On 31 March 2026, Google announced that the JSON files listing their crawler IP ranges were moving from `/search/apis/ipranges/` to `/crawling/ipranges/` on developers.google.com. The reasoning made sense: these ranges cover crawlers used by Shopping, AdSense, Gemini, and other products beyond Search, so a `/crawling/` path better reflects their scope.

What the blog post didn't mention is that `googlebot.json` has also been renamed to `common-crawlers.json`. Updating the directory path alone isn't enough.

To complicate matters, the transition happened faster than expected. While Google promised a 6-month transition period, the old endpoints are already returning unexpected responses. If your systems pull from them automatically, they may be ingesting invalid data or failing silently.

What actually happened

On 7 April at 09:42:16 UTC, eight days after the announcement, the old URLs stopped returning IP ranges data.

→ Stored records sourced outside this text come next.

lemma expectation_cos_conv_pow:
  assumes sym: "map_pmf uminus q = q"
  shows "measure_pmf.expectation (conv_pow q n) (\<lambda>z. cos (of_int z * x)) = char_fun q x ^ n"
proof (induction n)
  case (Suc n)
  have step: "measure_pmf.expectation (map_pmf (\<lambda>y. a + y) q) (\<lambda>z. cos (of_int z * x))
      = cos (of_int a * x) * char_fun q x" for a
  proof -
    have "measure_pmf.expectation (map_pmf (\<lambda>y. a + y) q) (\<lambda>z. cos (of_int z * x))
        = measure_pmf.expectation q (\<lambda>y. cos (of_int a * x) * cos (of_int y * x)
                                        - sin (of_int a * x) * sin (of_int y * x))"
      by (simp add: cos_add distrib_right)
    also have "\<dots> = cos (of_int a * x) * char_fun q x
                    - sin (of_int a * x) * measure_pmf.expectation q (\<lambda>y. sin (of_int y * x))"
      unfolding char_fun_def
      by (subst Bochner_Integration.integral_diff)
         (auto intro!: integrable_measure_pmf_bounded[where B=1] simp: abs_mult mult_le_one)
    finally show ?thesis using expectation_sin_symmetric[OF sym] by simp
  qed
  have "measure_pmf.expectation (conv_pow q (Suc n)) (\<lambda>z. cos (of_int z * x))
     = measure_pmf.expectation (conv_pow q n)
         (\<lambda>a. measure_pmf.expectation (map_pmf (\<lambda>y. a + y) q) (\<lambda>z. cos (of_int z * x)))"
    by (simp only: conv_pow.simps) (rule expectation_bind_pmf[where B=1], simp)
  also have "\<dots> = measure_pmf.expectation (conv_pow q n) (\<lambda>a. cos (of_int a * x)) * char_fun q x"
    by (simp only: step integral_mult_left_zero)
  finally show ?case using Suc by simp
qed simp

lemma integral_cos_int_multiple:
  fixes m :: int
  shows "integral\<^sup>L lborel (\<lambda>x. indicator {0..pi} x * cos (of_int m * x)) = (if m = 0 then pi else 0)"
proof (cases "m = 0")
  case False
  have "integral\<^sup>L lborel (\<lambda>x. indicator {0..pi} x *\<^sub>R cos (of_int m * x))
      = sin (of_int m * pi) / of_int m - sin (of_int m * 0) / of_int m"
    by (rule integral_FTC_atLeastAtMost)
       (use False in \<open>auto intro!: derivative_eq_intros continuous_intros
                        simp: has_real_derivative_iff_has_vector_derivative[symmetric]\<close>)
  moreover have "sin (of_int m * pi) = 0"
    by (simp add: sin_times_pi_eq_0 mult.commute)
  ultimately show ?thesis using False by simp
qed simp

lemma integral_cos_mult_cos:
  fixes z d :: int
  shows "integral\<^sup>L lborel (\<lambda>x. indicator {0..pi} x * (cos (of_int z * x) * cos (of_int d * x)))
     = pi / 2 * (indicator {d} z + indicator {-d} z)"
proof -
  have int: "integrable lborel (\<lambda>x. indicator {0..pi} x * cos (of_int m * x))" for m
    by (intro integrable_indicator_Icc_continuous continuous_intros)
  have "(\<lambda>x. indicator {0..pi} x * (cos (of_int z * x) * cos (of_int d * x)))
      = (\<lambda>x. (indicator {0..pi} x * cos (of_int (z - d) * x)) / 2
           + (indicator {0..pi} x * cos (of_int (z + d) * x)) / 2)"
    by (rule ext)
       (simp add: cos_times_cos algebra_simps add_divide_distrib, metis cos_minus minus_diff_eq)
  then have "integral\<^sup>L lborel (\<lambda>x. indicator {0..pi} x * (cos (of_int z * x) * cos (of_int d * x)))
      = integral\<^sup>L lborel (\<lambda>x. indicator {0..pi} x * cos (of_int (z - d) * x)) / 2
        + integral\<^sup>L lborel (\<lambda>x. indicator {0..pi} x * cos (of_int (z + d) * x)) / 2"
    using int[of "z - d"] int[of "z + d"] by simp
  then show ?thesis
    unfolding integral_cos_int_multiple by (auto simp: indicator_def)
qed

lemma integrable_cos_mult_cos_pair:
  "integrable (measure_pmf p \<Otimes>\<^sub>M lborel)
     (\<lambda>(z, x). indicator {0..pi} x * (cos (of_int z * x) * cos (of_int d * x)) :: real)"
proof -
  define f where
    "f z x = (indicator {0..pi} x * (cos (of_int z * x) * cos (of_int d * x)) :: real)" for z x
  interpret P: pair_sigma_finite "measure_pmf p" lborel
    by (intro pair_sigma_finite.intro measure_pmf.sigma_finite_measure_axioms
              lborel.sigma_finite_measure_axioms)
  have "case_prod f \<in> borel_measurable (count_space UNIV \<Otimes>\<^sub>M lborel)"
    by (rule measurable_pair_measure_countable1) (auto simp: f_def)
  moreover have "sets (measure_pmf p \<Otimes>\<^sub>M lborel) = sets (count_space UNIV \<Otimes>\<^sub>M lborel)"
    by (intro sets_pair_measure_cong sets_measure_pmf_count_space refl)
  ultimately have meas: "case_prod f \<in> borel_measurable (measure_pmf p \<Otimes>\<^sub>M lborel)"
    using measurable_cong_sets by blast
  have int_f: "integrable lborel (f z)" for z
    unfolding f_def by (intro integrable_indicator_Icc_continuous continuous_intros)
  have int_1: "integrable lborel (\<lambda>x. indicator {0..pi} x :: real)"
    using integrable_indicator_Icc_continuous[of 0 pi "\<lambda>_. 1"] by simp
  have "integral\<^sup>L lborel (\<lambda>x. norm (f z x))
      \<le> integral\<^sup>L lborel (\<lambda>x. indicator {0..pi} x :: real)" for z
    by (intro integral_mono integrable_norm int_f int_1)
       (auto simp: f_def indicator_def abs_mult mult_le_one)
  then have "\<bar>integral\<^sup>L lborel (\<lambda>x. norm (f z x))\<bar> \<le> pi" for z
    by (simp add: integral_nonneg_AE)
  then have "integrable (measure_pmf p \<Otimes>\<^sub>M lborel) (case_prod f)"
    by (intro P.Fubini_integrable[OF meas]) (auto intro!: integrable_measure_pmf_bounded int_f)
  moreover have "case_prod f
      = (\<lambda>(z, x). indicator {0..pi} x * (cos (of_int z * x) * cos (of_int d * x)) :: real)"
    by (simp add: f_def fun_eq_iff)
  ultimately show ?thesis
    by simp
qed

lemma integral_char_fun_power_cos:
  assumes sym: "map_pmf uminus q = q"
  shows "integral\<^sup>L lborel (\<lambda>x. indicator {0..pi} x * (char_fun q x ^ n * cos (of_int d * x)))
     = pi * pmf (conv_pow q n) d"
proof -
  let ?p = "conv_pow q n"
  interpret P: pair_sigma_finite "measure_pmf ?p" lborel
    by (intro pair_sigma_finite.intro measure_pmf.sigma_finite_measure_axioms
              lborel.sigma_finite_measure_axioms)
  have "integral\<^sup>L lborel (\<lambda>x. indicator {0..pi} x * (char_fun q x ^ n * cos (of_int d * x)))
      = integral\<^sup>L lborel (\<lambda>x. measure_pmf.expectation ?p
          (\<lambda>z. indicator {0..pi} x * (cos (of_int z * x) * cos (of_int d * x))))"
    unfolding expectation_cos_conv_pow[OF sym, symmetric] by (simp add: mult.assoc)
  also have "\<dots> = measure_pmf.expectation ?p (\<lambda>z. integral\<^sup>L lborel
          (\<lambda>x. indicator {0..pi} x * (cos (of_int z * x) * cos (of_int d * x))))"
    using P.Fubini_integral[OF integrable_cos_mult_cos_pair] by simp
  also have "\<dots> = measure_pmf.expectation ?p (\<lambda>z. pi / 2 * (indicator {d} z + indicator {-d} z))"
    unfolding integral_cos_mult_cos ..
  also have "\<dots> = pi / 2 * (pmf ?p d + pmf ?p (-d))"
    by (simp add: measure_pmf_single Bochner_Integration.integral_add
                  integrable_measure_pmf_bounded[where B=1])
  also have "\<dots> = pi * pmf ?p d"
    using pmf_conv_pow_uminus[OF sym, of n d] by simp
  finally show ?thesis .
qed

lemma char_fun_le_1: "char_fun q x \<le> 1"
  unfolding char_fun_def
  using integral_mono[of "measure_pmf q" "\<lambda>z. cos (of_int z * x)" "\<lambda>_. 1"]
  by (simp add: integrable_measure_pmf_bounded[where B=1])

lemma char_fun_ge_minus_1: "-1 \<le> char_fun q x"
  unfolding char_fun_def
  using integral_mono[of "measure_pmf q" "\<lambda>_. -1" "\<lambda>z. cos (of_int z * x)"]
  by (simp add: integrable_measure_pmf_bounded[where B=1])

lemma one_minus_square_half_le_cos: "1 - y\<^sup>2 / 2 \<le> cos (y::real)"
proof -
  have "\<bar>sin (y/2)\<bar>\<^sup>2 \<le> \<bar>y/2\<bar>\<^sup>2"
    by (rule power_mono[OF abs_sin_x_le_abs_x]) simp
  then show ?thesis
    using cos_double_sin[of "y/2"] by (simp add: power_divide)
qed

lemma abs_cos_diff_le: "\<bar>cos a - cos b\<bar> \<le> \<bar>a - (b::real)\<bar>"
proof -
  have "\<bar>cos a - cos b\<bar> = 2 * \<bar>sin ((a + b) / 2)\<bar> * \<bar>sin ((b - a) / 2)\<bar>"
    by (simp add: cos_diff_cos abs_mult)
  also have "\<dots> \<le> 2 * 1 * \<bar>(b - a) / 2\<bar>"
    by (intro mult_mono abs_sin_x_le_abs_x) auto
  finally show ?thesis by simp
qed

lemma char_fun_lower_bound:
  assumes "integrable (measure_pmf q) (\<lambda>z. (real_of_int z)\<^sup>2)"
  shows "1 - measure_pmf.expectation q (\<lambda>z. (real_of_int z)\<^sup>2) * x\<^sup>2 / 2 \<le> char_fun q x"
proof -
  have "measure_pmf.expectation q (\<lambda>z. 1 - (real_of_int z)\<^sup>2 * (x\<^sup>2 / 2)) \<le> char_fun q x"
    unfolding char_fun_def
    using assms one_minus_square_half_le_cos[of "real_of_int _ * x"]
    by (intro integral_mono)
       (auto intro: integrable_measure_pmf_bounded[where B=1] simp: power_mult_distrib)
  then show ?thesis
    using assms by (simp add: Bochner_Integration.integral_diff)
qed

lemma char_fun_lipschitz:
  assumes "integrable (measure_pmf q) (\<lambda>z. real_of_int z)"
  shows "(measure_pmf.expectation q (\<lambda>z. \<bar>real_of_int z\<bar>))-lipschitz_on S (char_fun q)"
proof (rule lipschitz_onI)
  fix x y
  have int_cos: "integrable (measure_pmf q) (\<lambda>z. cos (real_of_int z * w))" for w
    by (rule integrable_measure_pmf_bounded[where B=1]) auto
  have "\<bar>char_fun q x - char_fun q y\<bar>
      = \<bar>measure_pmf.expectation q (\<lambda>z. cos (real_of_int z * x) - cos (real_of_int z * y))\<bar>"
    unfolding char_fun_def using int_cos by simp
  also have "\<dots> \<le> measure_pmf.expectation q (\<lambda>z. \<bar>cos (real_of_int z * x) - cos (real_of_int z * y)\<bar>)"
    using integral_norm_bound[of "measure_pmf q"] by simp
  also have "\<dots> \<le> measure_pmf.expectation q (\<lambda>z. \<bar>real_of_int z\<bar> * \<bar>x - y\<bar>)"
  proof (rule integral_mono)
    show "\<bar>cos (real_of_int z * x) - cos (real_of_int z * y)\<bar> \<le> \<bar>real_of_int z\<bar> * \<bar>x - y\<bar>" for z
      using abs_cos_diff_le[of "real_of_int z * x" "real_of_int z * y"]
      by (simp add: abs_mult right_diff_distrib[symmetric])
  qed (use assms int_cos in auto)
  finally show "dist (char_fun q x) (char_fun q y)
      \<le> measure_pmf.expectation q (\<lambda>z. \<bar>real_of_int z\<bar>) * dist x y"
    by (simp add: dist_real_def)
qed (simp add: integral_nonneg_AE)

lemma continuous_on_char_fun:
  assumes "integrable (measure_pmf q) (\<lambda>z. real_of_int z)"
  shows "continuous_on S (char_fun q)"
  by (rule lipschitz_on_continuous_on[OF char_fun_lipschitz[OF assms]])

lemma char_fun_less_1:
  assumes gen: "int_subgroup_gen (set_pmf q) = UNIV" and x: "0 < x" "x < 2 * pi"
  shows "char_fun q x < 1"
proof (rule ccontr)
  assume "\<not> char_fun q x < 1"
  then have "measure_pmf.expectation q (\<lambda>z. 1 - cos (real_of_int z * x)) = 0"
    using char_fun_le_1[of q x] unfolding char_fun_def
    by (simp add: Bochner_Integration.integral_diff integrable_measure_pmf_bounded[where B=1])
  then have "AE z in measure_pmf q. 1 - cos (real_of_int z * x) = 0"
    by (subst (asm) integral_nonneg_eq_0_iff_AE)
       (auto intro!: integrable_measure_pmf_bounded[where B=2] simp: abs_le_iff)
  then have cos_1: "cos (real_of_int z * x) = 1" if "z \<in> set_pmf q" for z
    using that by (simp add: AE_measure_pmf_iff)
  have "\<exists>n::int. real_of_int z * x = real_of_int n * 2 * pi"
    if "z \<in> int_subgroup_gen (set_pmf q)" for z
    using that
  proof (induction rule: int_subgroup_gen.induct)
    case (base z)
    then show ?case using cos_1 cos_one_2pi_int by blast
  next
    case (add z w)
    then obtain n m :: int where "real_of_int z * x = real_of_int n * 2 * pi"
      "real_of_int w * x = real_of_int m * 2 * pi"
      by blast
    then show ?case by (intro exI[of _ "n + m"]) (simp add: algebra_simps)
  next
    case (neg z)
    then obtain n :: int where "real_of_int z * x = real_of_int n * 2 * pi"
      by blast
    then show ?case by (intro exI[of _ "- n"]) simp
  qed (intro exI[of _ 0], simp)
  from this[of 1] obtain n :: int where "x = real_of_int n * 2 * pi"
    using gen by auto
  with x have "0 < n" "n < 1"
    by (simp_all add: zero_less_mult_iff)
  then show False by simp
qed

text \<open>\<open>mixed_char_fun q\<close> is the characteristic function of the mixture of one and two steps
  of the walk. Unlike \<open>char_fun q\<close>, which may reach \<open>-1\<close> at \<open>pi\<close> for periodic walks, it
  stays above \<open>-1/8\<close>, so its modulus is bounded away from \<open>1\<close> away from the origin.\<close>

definition mixed_char_fun :: "int pmf \<Rightarrow> real \<Rightarrow> real" where
  "mixed_char_fun q x = char_fun q x * (1 + char_fun q x) / 2"

lemma mixed_char_fun_ge: "-1/8 \<le> mixed_char_fun q x"
proof -
  have "0 \<le> (char_fun q x + 1/2)\<^sup>2" by simp
  then show ?thesis
    unfolding mixed_char_fun_def by (simp add: power2_eq_square algebra_simps)
qed

lemma mixed_char_fun_lower_bound:
  assumes "integrable (measure_pmf q) (\<lambda>z. (real_of_int z)\<^sup>2)"
  shows "1 - 3 / 4 * measure_pmf.expectation q (\<lambda>z. (real_of_int z)\<^sup>2) * x\<^sup>2 \<le> mixed_char_fun q x"
proof -
  define u where "u = 1 - char_fun q x"
  have "u \<le> measure_pmf.expectation q (\<lambda>z. (real_of_int z)\<^sup>2) * x\<^sup>2 / 2"
    unfolding u_def using char_fun_lower_bound[OF assms, of x] by simp
  moreover have "mixed_char_fun q x = 1 - 3 * u / 2 + u\<^sup>2 / 2"
    unfolding mixed_char_fun_def u_def by (simp add: power2_eq_square field_simps)
  ultimately have "1 - 3 / 2 * (measure_pmf.expectation q (\<lambda>z. (real_of_int z)\<^sup>2) * x\<^sup>2 / 2)
      \<le> mixed_char_fun q x"
    using zero_le_power2[of u] by linarith
  then show ?thesis by simp
qed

The old URLs didn't redirect, and they didn't break. Instead, they quietly started returning a 200 response with a completely different JSON payload. For example, the response to the old `user-triggered-fetchers.json` endpoint was the following:

```json

{

"Action needed": "update the location you're fetching from to https://developers.google.com/static/crawling/ipranges/user-triggered-fetchers.json"

}

```

This matters because of how different HTTP status codes behave in practice.

A **301 or 308 redirect** is transparent. Most HTTP clients and automated scripts follow redirects by default, so systems can continue working without any changes. A **404 or 410** is disruptive, but disruption is useful: it triggers alerts, teams investigate, and the issue gets resolved quickly.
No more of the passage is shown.